Живут. Спят в прихожей – самой безопасной комнате дома. Отец ложится у входной двери, чтобы, если бомбежка, сразу ехать в больницу. Старшие сестры укладываются по краям расстеленных на полу матрасов, оставляя в центре место для младших. Брат совсем маленький, четыре года, когда Берд обстреливают, он зарывается лицом в ладони. «Может, лучше уши затыкать? От шума ведь страшнее!» – втолковывают ему сестры. Брат прячет лицо в ладони и молчит.
Сона знает о войне много такого, чего не хотелось бы знать: что, укладываясь спать, нужно запереть все двери, а те, которые со стеклянными витражами, завесить пледами, чтобы, если их выбила взрывная волна – не пораниться осколками. Что не нужно просить хлеба, когда его нет – голод не утолишь, а мать снова доведешь до слез. Что нельзя жаловаться на кусачий холод, потому что бывают вещи много ужаснее. Что нельзя плакать, когда боишься, потому что от этого страшней. Живи – словно в тумане – и не ропщи.
Иногда случаются недолгие затишья, но людям каждый раз наивно кажется, что это навсегда. Да и как может быть по-другому, если на заре беспечно поют петухи, в жаркий полдень – цикады, на закате – сверчки. Звезд ночью столько, что думаешь – кто-то накинул на небесный купол рождественскую гирлянду и намеренно не стал ее выключать. Сона лежит в своей постели – какое счастье лежать не на полу прихожей, а в своей постели – и наблюдает, как по небу катится большой круг луны. Бабушка рассказывала, что луна раньше была очень красивой, но ленивой девушкой, предпочитала работе праздный отдых на берегу реки. Однажды мать попросила помочь ей с хлебом, но луна даже не удостоила ее ответа – любовалась своим отражением в речной волне. И тогда обиженная мать кинула в нее ком теста и попала в лицо. Луна упала в реку, и та вынесла ее на небо. Отныне, в наказание за лень, она вынуждена светить тогда, когда другие люди отдыхают. И, если приглядеться, можно различить на ее лице отпечаток засохшего теста.

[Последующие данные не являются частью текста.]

lemma rlim_\<eta>_ge_if_\<eta>_ge:
  assumes "0 \<le> p" "p \<le> t" "\<And>q. p \<le> q \<Longrightarrow> q \<le> t \<Longrightarrow> a \<le> \<eta> q" "p = t \<Longrightarrow> \<eta> t \<le> rlim \<eta> t"
  shows "a \<le> rlim \<eta> p"
proof (cases "p < t")
  case True
  show ?thesis
    by (rule tendsto_at_right_lowerbound[OF tendsto_rlim_\<eta>[OF assms(1)] True]) (use assms(3) in auto)
next
  case False
  then show ?thesis
    using assms(2) assms(3)[of t] assms(4) by simp
qed

lemma excess_before_last_passage:
  assumes \<sigma>: "0 < \<sigma>" "\<sigma> \<le> t" "c \<le> \<eta> \<sigma>" and d: "0 < d" "2 * d < c"
    and after: "\<And>r. \<sigma> < r \<Longrightarrow> r \<le> t \<Longrightarrow> c \<le> \<eta> r"
    and at_t: "\<sigma> = t \<Longrightarrow> \<eta> t \<le> rlim \<eta> t"
    and below: "\<And>b. b < \<sigma> \<Longrightarrow> \<exists>e\<in>{b<..<\<sigma>}. \<eta> e < c"
  shows "\<exists>s\<in>{0..t}. c - 2 * d \<le> upper_excess s \<and> (\<forall>r\<in>{s..t}. c - 2 * d \<le> \<eta> r)"
proof (cases "gap \<xi> l \<sigma> \<le> 0 \<or> gap u x \<sigma> \<le> 0")
  case True
  then have "\<eta> \<sigma> \<le> upper_excess \<sigma>"
    using \<eta>_le_upper_excess_at_barrier[of \<sigma>] \<sigma> d by simp
  moreover have "c - 2 * d \<le> \<eta> r" if "r \<in> {\<sigma>..t}" for r
    using after[of r] \<sigma>(3) d that by (cases "r = \<sigma>") auto
  ultimately show ?thesis
    using \<sigma> d by (intro bexI[of _ \<sigma>]) auto
next
  case False
  obtain r where r: "r \<in> {0..<\<sigma>}" "\<forall>p\<in>{r..\<sigma>}. \<eta> \<sigma> - d < \<eta> p"
    using \<eta>_no_rise_from_left[of \<sigma> d] False \<sigma>(1) d(1) by auto
  have \<eta>_near: "c - d \<le> \<eta> q" if "r \<le> q" "q \<le> t" for q
  proof (cases "q \<le> \<sigma>")
    case True
    then have "\<eta> \<sigma> - d < \<eta> q"
      using r(2) that(1) by simp
    then show ?thesis
      using \<sigma>(3) by simp
  next
    case False
    then show ?thesis
      using after[of q] that(2) d(1) by simp
  qed
  obtain e where e: "r < e" "e < \<sigma>" "\<eta> e < c"
    using below[of r] r(1) by auto
  have "0 \<le> e" "\<eta> e < \<eta> \<sigma>"
    using e r(1) \<sigma>(3) by auto
  then obtain p where p: "e \<le> p" "p \<le> \<sigma>" "gap \<xi> l p < d \<or> gap u x p < d"
    using near_barrier_if_\<eta>_increases[of e \<sigma> d] e(2) d(1) by auto
  have "0 \<le> p" "r \<le> p" "p \<le> t"
    using p(1,2) e(1) r(1) \<sigma>(2) by auto
  have "c - d \<le> rlim \<eta> p"
    by (rule rlim_\<eta>_ge_if_\<eta>_ge[OF \<open>0 \<le> p\<close> \<open>p \<le> t\<close>])
      (use \<eta>_near \<open>r \<le> p\<close> at_t p(2) \<sigma>(2) in auto)
  then have min: "c - d \<le> min (\<eta> p) (rlim \<eta> p)"
    using \<eta>_near[OF \<open>r \<le> p\<close> \<open>p \<le> t\<close>] by simp
  have "\<not> gap \<xi> l p < d"
    using min_\<eta>_lt_if_near_lower[OF \<open>0 \<le> p\<close>] min d(2) by force
  then have "c - 2 * d \<le> upper_excess p"
    using upper_excess_gt_if_near_upper[OF \<open>0 \<le> p\<close>, of d] p(3) min by linarith
  moreover have "c - 2 * d \<le> \<eta> q" if "q \<in> {p..t}" for q
    using \<eta>_near[of q] \<open>r \<le> p\<close> d(1) that by auto
  ultimately show ?thesis
    using \<open>0 \<le> p\<close> p(2) \<sigma>(2) by (intro bexI[of _ p]) auto
qed

lemma excursion_start:
  assumes t: "0 \<le> t" "\<eta> t \<le> rlim \<eta> t" and d: "0 < d" "2 * d < \<eta> t"
  shows "\<exists>s\<in>{0..t}. \<eta> t - 2 * d \<le> upper_excess s \<and> (\<forall>r\<in>{s..t}. \<eta> t - 2 * d \<le> \<eta> r)"
proof -
  define D where "D = {r\<in>{0..t}. \<eta> r < \<eta> t}"
  have "0 \<in> D" "D \<subseteq> {0..t}"
    using \<eta>_0 d t by (auto simp: D_def)
  then obtain \<sigma> where \<sigma>: "0 \<le> \<sigma>" "\<sigma> \<le> t" and not_D: "\<And>r. \<sigma> < r \<Longrightarrow> r \<notin> D"
    and D_accumulates: "\<And>b. \<sigma> \<notin> D \<Longrightarrow> b < \<sigma> \<Longrightarrow> \<exists>e\<in>{b<..<\<sigma>}. e \<in> D"
    using last_passage by blast
  have after: "\<eta> t \<le> \<eta> r" if "\<sigma> < r" "r \<le> t" for r
    using not_D[OF that(1)] that \<sigma>(1) by (auto simp: D_def)
  show ?thesis
  proof (cases "\<eta> \<sigma> < \<eta> t")
    case True
    then have "\<sigma> < t"
      using \<sigma>(2) by (cases "\<sigma> = t") auto
    have "\<eta> t \<le> rlim \<eta> \<sigma>"
      by (rule tendsto_at_right_lowerbound[OF tendsto_rlim_\<eta> \<open>\<sigma> < t\<close>]) (use after \<sigma> in auto)
    then obtain s where s: "s \<in> {\<sigma><..t}" "rlim \<eta> \<sigma> - d \<le> upper_excess s"
      using upper_excess_after_upward_jump[OF \<sigma>(1) \<open>\<sigma> < t\<close> _ d(1)] True by force
    have "\<eta> t - 2 * d \<le> upper_excess s"
      using s(2) \<open>\<eta> t \<le> rlim \<eta> \<sigma>\<close> d(1) by linarith
    moreover have "\<eta> t - 2 * d \<le> \<eta> r" if "r \<in> {s..t}" for r
      using after[of r] s(1) that d(1) by auto
    ultimately show ?thesis
      using s(1) \<sigma>(1) by (intro bexI[of _ s]) auto
  next
    case False
    then have "\<sigma> \<notin> D"
      by (simp add: D_def)
    have "0 < \<sigma>"
      using False \<eta>_0 d \<sigma>(1) by (cases "\<sigma> = 0") auto
    moreover have "\<exists>e\<in>{b<..<\<sigma>}. \<eta> e < \<eta> t" if "b < \<sigma>" for b
      using D_accumulates[OF \<open>\<sigma> \<notin> D\<close> that] by (auto simp: D_def)
    ultimately show ?thesis
      using excess_before_last_passage[OF _ \<sigma>(2) _ d after] False t(2) by force
  qed
qed

lemma Theta_ge_if_excess_and_\<eta>_ge:
  assumes s: "s \<in> {0..t}" "c \<le> upper_excess s" "\<forall>r\<in>{s..t}. c \<le> \<eta> r"
  shows "c \<le> Theta u l \<xi> t"
proof -
  have bdd: "bdd_above ((\<lambda>s. min (upper_excess s) (INF r\<in>{s..t}. lower_room r)) ` {0..t})"
  proof (rule bdd_aboveI[of _ "lower_room t"])
    fix z assume "z \<in> (\<lambda>s. min (upper_excess s) (INF r\<in>{s..t}. lower_room r)) ` {0..t}"
    then obtain s' where s': "s' \<in> {0..t}" "z = min (upper_excess s') (INF r\<in>{s'..t}. lower_room r)"
      by blast
    have "(INF r\<in>{s'..t}. lower_room r) \<le> lower_room t"
      by (rule cINF_lower[OF lower_room_bdd_below]) (use s'(1) in auto)
    then show "z \<le> lower_room t"
      unfolding s'(2) by (rule min.coboundedI2)
  qed
  have "c \<le> (INF r\<in>{s..t}. lower_room r)"
  proof (rule cINF_greatest)
    show "{s..t} \<noteq> {}"
      using s(1) by simp
    fix r assume r: "r \<in> {s..t}"
    then have "c \<le> \<eta> r"
      using s(3) by blast
    then show "c \<le> lower_room r"
      using \<eta>_le_lower_room[of r] r s(1) by simp
  qed
  then have "c \<le> min (upper_excess s) (INF r\<in>{s..t}. lower_room r)"
    using s(2) by simp
  also have "\<dots> \<le> Theta u l \<xi> t"
    unfolding Theta_eq by (rule cSUP_upper[OF s(1) bdd])
  finally show ?thesis .
qed

lemma \<eta>_le_Theta:
  assumes t: "0 \<le> t"
  shows "\<eta> t \<le> Theta u l \<xi> t"
proof (cases "rlim \<eta> t < \<eta> t")
  case True
  then have "\<eta> t \<le> upper_excess t"
    using \<eta>_le_upper_excess[OF t] by blast
  then show ?thesis
    using Theta_ge_if_excess_and_\<eta>_ge[of t t "\<eta> t"] t by simp
next
  case False
  show ?thesis
  proof (rule field_le_epsilon)
    fix e :: real assume "0 < e"
    show "\<eta> t \<le> Theta u l \<xi> t + e"
    proof (cases "\<eta> t \<le> e")
      case True
      have "0 \<le> upper_excess t"
        by (simp add: upper_excess_def)
      then have "0 \<le> Theta u l \<xi> t"
        using Theta_ge_if_excess_and_\<eta>_ge[of t t 0] t \<eta>_nonneg[OF t] by simp
      then show ?thesis
        using True by simp
    next
      case False
      then obtain s where "s \<in> {0..t}" "\<eta> t - 2 * (e / 2) \<le> upper_excess s"
          "\<forall>r\<in>{s..t}. \<eta> t - 2 * (e / 2) \<le> \<eta> r"
        using excursion_start[OF t, of "e / 2"] \<open>\<not> rlim \<eta> t < \<eta> t\<close> \<open>0 < e\<close> by auto
      then have "\<eta> t - 2 * (e / 2) \<le> Theta u l \<xi> t"
        by (rule Theta_ge_if_excess_and_\<eta>_ge)
      then show ?thesis
        by simp
    qed
  qed
qed

theorem x_eq_xi_minus_Theta:
  assumes "0 \<le> t"
  shows "x t = \<xi> t - Theta u l \<xi> t"
  using Theta_le_\<eta>[OF assms] \<eta>_le_Theta[OF assms] unfolding \<eta>_def by linarith

end

text \<open>The hypotheses on \<open>l\<close>, \<open>u\<close> and \<open>y 0\<close> only guarantee that \<open>RP1\<close> and \<open>RP2\<close> are solvable;
  the identity holds for any pair of solutions.\<close>

theorem proposition1:
  fixes l u y \<xi> \<kappa> x k :: "real \<Rightarrow> real"
  assumes "regulated l" and "regulated u"
    and "\<forall>t\<ge>0. l t \<le> u t"
    and "\<forall>t\<ge>0. (INF s\<in>{0..t}. u s - l s) > 0"
    and "regulated y" and "l 0 \<le> y 0" and "y 0 \<le> u 0"
    and "RP1 l y \<xi> \<kappa>"
    and "RP2 l u y x k"
  shows "\<forall>t\<ge>0. x t = \<xi> t - Theta u l \<xi> t"
proof -
  have "\<exists>\<phi>1 \<phi>2. barrier_solutions l u y \<xi> \<kappa> x \<phi>1 \<phi>2"
    using assms(1,2,5,8,9) unfolding RP2_def barrier_solutions_def gap_def
    by (elim conjE exE) (intro exI conjI; auto)
  then obtain \<phi>1 \<phi>2 where "barrier_solutions l u y \<xi> \<kappa> x \<phi>1 \<phi>2"
    by blast
  then interpret barrier_solutions l u y \<xi> \<kappa> x \<phi>1 \<phi>2 .
  show ?thesis
    using x_eq_xi_minus_Theta by blast
qed

end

Сона засыпает далеко за полночь, дождавшись, когда обиженный лик луны скроется за карнизом крыши. Ночь милосердна и тиха, в небе о чем-то шепчутся звезды, мир убаюкивает колыбельная сверчков…
Взрыв раздается совсем рядом, под стенами дома. Сону сметает в единственный безопасный угол комнаты. Она лежит на спине, обняв себя руками, а в воздухе кружатся лохмотья обугленных штор. Они падают на нее черными хлопьями сажи, и единственная мысль, которая вертится в голове, – как можно их различить в такой кромешной темноте. С того места, где лежит Сона, видно ковш Большой Медведицы и белую звезду на ее хвосте.
Утром выглядывает солнце. Берд переливается в его лучах рождественской гирляндой – он устлан, словно ковром, осколками выбитых стекол. Их так много, что кажется – под покровом ночи сюда свезли все окна мира и разом их расколотили. Отец приезжает из больницы лишь для того, чтобы удостовериться, что все целы. Присаживается на минуту, чтобы передохнуть, – и проваливается в беспробудный сон. Сона гладит его по щеке – он зарос так, что еще немного, и будет совсем бородатый. Старшие сестры затягивают окна полиэтиленовой пленкой – в блокадном районе стекла не достать, да и смысл их вставлять, если выбьет при следующей бомбежке!